ACTIVITY:
Reading the records beneath this task, work out how many lines contain the word "shows" and reply with only that number.

EXERCISE INPUTS:
Segment Open

(* For every $d\ge1$ and every $1\le i\le d$, $H_{i,d}>0$.
   Context: For integers $i,d\ge -1$ define $f_{-1,-1}=1$, $f_{-1,d}=0$ for $d\ge0$, $f_{i,-1}=0$ for $i\ge0$, and $f_{i,d}=(i+1)!\,S(d+1,i+1)$ for $i,d\ge0$, where $S(\cdot,\cdot)$ is the Stirling number of the second kind. For $d\ge0$ define rational numbers $F_{i,d}$, $-1\le i\le d$, by $F_{d,d}=1$ and recursively for $-1\le i\le d-1$, $F_{i,d}=\frac{1}{(d+1)!-(i+1)!}\sum_{j=i+1}^{d}f_{i,j}F_{j,d}$. Let $F_d(z)=\sum_{i=-1}^dF_{i,d}z^{d-i}$, and define the $H$-polynomial $H_d(z)=F_d(z-1)=\sum_{i=0}^{d+1}H_{i,d}z^{d+1-i}$, which defines the numbers $H_{i,d}$. *)

theory Defs
  imports "HOL-Combinatorics.Stirling" "HOL-Computational_Algebra.Polynomial"
begin

definition fnum :: "int \<Rightarrow> int \<Rightarrow> rat" where
  "fnum i d =
     (if i = -1 \<and> d = -1 then 1
      else if i = -1 \<or> d = -1 then 0
      else of_nat (fact (nat (i + 1)) * Stirling (nat (d + 1)) (nat (i + 1))))"

function Fnum :: "int \<Rightarrow> int \<Rightarrow> rat" where
  "Fnum i d =
     (if i < -1 \<or> i > d then 0
      else if i = d then 1
      else (1 / (of_nat (fact (nat (d + 1))) - of_nat (fact (nat (i + 1)))))
             * (\<Sum>j\<in>{i+1..d}. fnum i j * Fnum j d))"
  by auto
termination
  by (relation "measure (\<lambda>(i, d). nat (d - i))") auto

definition Fpoly :: "int \<Rightarrow> rat poly" where
  "Fpoly d = (\<Sum>i\<in>{-1..d}. monom (Fnum i d) (nat (d - i)))"

definition Hpoly :: "int \<Rightarrow> rat poly" where
  "Hpoly d = pcompose (Fpoly d) [:-1, 1:]"

definition Hnum :: "int \<Rightarrow> int \<Rightarrow> rat" where
  "Hnum i d = coeff (Hpoly d) (nat (d + 1 - i))"

end

theory Submission
  imports Defs "HOL-Computational_Algebra.Polynomial_FPS"
begin

text \<open>Write \<open>n = d + 1\<close>, \<open>F\<^sub>a = F\<^sub>a\<^sub>-\<^sub>1\<^sub>,\<^sub>d\<close> and \<open>H\<^sub>t = H\<^sub>t\<^sub>,\<^sub>d\<close> for \<open>0 \<le> a, t \<le> n\<close>.
  The recursion says that \<open>(F\<^sub>a)\<close> is an eigenvector, for the eigenvalue \<open>n!\<close>, of the
  triangular matrix \<open>(a! S(b,a))\<close>; since \<open>k\<^sup>b = \<Sum>\<^sub>a a! S(b,a) C(k,a)\<close>, this means
  \<open>G(k) = \<Sum>\<^sub>b F\<^sub>b k\<^sup>b = n! \<Sum>\<^sub>a F\<^sub>a C(k,a)\<close>. Hence \<open>(1 - x)\<^sup>n\<^sup>+\<^sup>1 \<Sum>\<^sub>k G(k) x\<^sup>k\<close> equals
  \<open>n! \<Sum>\<^sub>a F\<^sub>a x\<^sup>a (1 - x)\<^sup>n\<^sup>-\<^sup>a = n! \<Sum>\<^sub>t H\<^sub>t x\<^sup>t\<close>, the last step being \<open>H(z) = F(z - 1)\<close> in
  homogeneous form. On the other hand \<open>G(k) = \<Sum>\<^sub>j H\<^sub>j k\<^sup>j (k + 1)\<^sup>n\<^sup>-\<^sup>j\<close>, and multiplying
  \<open>\<Sum>\<^sub>k k\<^sup>j (k + 1)\<^sup>r x\<^sup>k\<close> by \<open>(1 - x)\<^sup>r\<^sup>+\<^sup>j\<^sup>+\<^sup>1\<close> gives a polynomial with nonnegative
  Eulerian-type coefficients \<open>B(r,j,t)\<close> summing to \<open>(r + j)!\<close>. So \<open>n! H\<^sub>t = \<Sum>\<^sub>j H\<^sub>j B(n-j,j,t)\<close>:
  \<open>H\<close> is an eigenvector for the eigenvalue \<open>n!\<close> of a nonnegative matrix with column sums \<open>n!\<close>
  and positive entries for \<open>0 < t, j < n\<close>. As \<open>H\<^sub>0 = H\<^sub>n = 0\<close> and \<open>\<Sum>\<^sub>t H\<^sub>t = 1\<close>, a
  Perron--Frobenius argument on the inner block forces \<open>H\<^sub>t > 0\<close> for \<open>0 < t < n\<close>.\<close>

unbundle fps_syntax

declare Fnum.simps [simp del]

lemma nat_int_plus_1 [simp]: "nat (int n + 1) = Suc n"
  by simp

definition Fcoeff :: "nat \<Rightarrow> nat \<Rightarrow> rat" where
  "Fcoeff N a = Fnum (int a - 1) (int N)"

definition Hcoeff :: "nat \<Rightarrow> nat \<Rightarrow> rat" where
  "Hcoeff N t = (if t \<le> Suc N then Hnum (int t) (int N) else 0)"

lemma fnum_of_nat: "fnum (int a - 1) (int b - 1) = of_nat (fact a * Stirling b a)"
  unfolding fnum_def by (cases a; cases b) (auto simp: nat_diff_distrib)

lemma Fcoeff_Suc_self [simp]: "Fcoeff N (Suc N) = 1"
  unfolding Fcoeff_def by (subst Fnum.simps) simp

lemma Fcoeff_recursion:
  assumes "a \<le> N"
  shows "Fcoeff N a = (\<Sum>b\<in>{Suc a..Suc N}. of_nat (fact a * Stirling b a) * Fcoeff N b)
                        / (fact (Suc N) - fact a)"
proof -
  have reindex: "(\<Sum>j\<in>{int a..int N}. g j) = (\<Sum>b\<in>{Suc a..Suc N}. g (int b - 1))"
    for g :: "int \<Rightarrow> rat"
    by (rule sum.reindex_bij_witness[of _ "\<lambda>b. int b - 1" "\<lambda>j. nat (j + 1)"]) auto
  show ?thesis
    unfolding Fcoeff_def using assms
    by (subst Fnum.simps) (simp add: reindex fnum_of_nat del: fact_Suc)
qed

lemma fact_mult_Fcoeff:
  assumes "1 \<le> N" "a \<le> Suc N"
  shows "fact (Suc N) * Fcoeff N a = (\<Sum>b\<in>{a..Suc N}. of_nat (fact a * Stirling b a) * Fcoeff N b)"
proof (cases "a = Suc N")
  case True
  then show ?thesis by (simp add: algebra_simps)
next
  case False
  with assms have "a \<le> N" by simp
  have "fact a \<le> (fact N :: nat)" using \<open>a \<le> N\<close> by (rule fact_mono)
  moreover have "fact N < (fact (Suc N) :: nat)" using assms by simp
  ultimately have "(fact a :: rat) < fact (Suc N)"
    by (metis of_nat_fact of_nat_less_iff le_less_trans)
  with Fcoeff_recursion[OF \<open>a \<le> N\<close>]
  have "fact (Suc N) * Fcoeff N a
        = fact a * Fcoeff N a + (\<Sum>b\<in>{Suc a..Suc N}. of_nat (fact a * Stirling b a) * Fcoeff N b)"
    by (simp add: field_simps del: fact_Suc)
  also have "\<dots> = (\<Sum>b\<in>{a..Suc N}. of_nat (fact a * Stirling b a) * Fcoeff N b)"
    using assms by (subst sum.atLeast_Suc_atMost) simp_all
  finally show ?thesis .
qed

lemma poly_Fpoly: "poly (Fpoly (int N)) z = (\<Sum>a\<le>Suc N. Fcoeff N a * z ^ (Suc N - a))"
proof -
  have "poly (Fpoly (int N)) z = (\<Sum>a\<le>Suc N. Fnum (int a - 1) (int N) * z ^ nat (int N - (int a - 1)))"
    unfolding Fpoly_def poly_sum poly_monom
    by (rule sum.reindex_bij_witness[of _ "\<lambda>a. int a - 1" "\<lambda>i. nat (i + 1)"]) auto
  also have "\<dots> = (\<Sum>a\<le>Suc N. Fcoeff N a * z ^ (Suc N - a))"
  proof (intro sum.cong refl)
    fix a assume "a \<in> {..Suc N}"
    then have "nat (int N - (int a - 1)) = Suc N - a"
      by auto
    then show "Fnum (int a - 1) (int N) * z ^ nat (int N - (int a - 1)) = Fcoeff N a * z ^ (Suc N - a)"
      by (simp add: Fcoeff_def)
  qed
  finally show ?thesis .
qed

lemma degree_Hpoly: "degree (Hpoly (int N)) \<le> Suc N"
proof -
  have "degree (Fpoly (int N)) \<le> Suc N"
    unfolding Fpoly_def by (rule degree_sum_le) (auto intro: order.trans[OF degree_monom_le])
  then show ?thesis
    unfolding Hpoly_def using degree_pcompose_le[of "Fpoly (int N)" "[:-1, 1:]"] by simp
qed

lemma poly_Hpoly: "poly (Hpoly (int N)) z = (\<Sum>t\<le>Suc N. Hcoeff N t * z ^ (Suc N - t))"
proof -
  have "poly (Hpoly (int N)) z = (\<Sum>i\<le>Suc N. coeff (Hpoly (int N)) i * z ^ i)"
    by (subst poly_as_sum_of_monoms'[OF degree_Hpoly, symmetric]) (simp add: poly_sum poly_monom)
  also have "\<dots> = (\<Sum>t\<le>Suc N. coeff (Hpoly (int N)) (Suc N - t) * z ^ (Suc N - t))"
    by (rule sum.reindex_bij_witness[of _ "\<lambda>t. Suc N - t" "\<lambda>i. Suc N - i"]) auto
  also have "\<dots> = (\<Sum>t\<le>Suc N. Hcoeff N t * z ^ (Suc N - t))"
    by (intro sum.cong refl) (auto simp: Hcoeff_def Hnum_def nat_diff_distrib)
  finally show ?thesis .
qed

Segment Closed

RESULT OF THE TASK:
2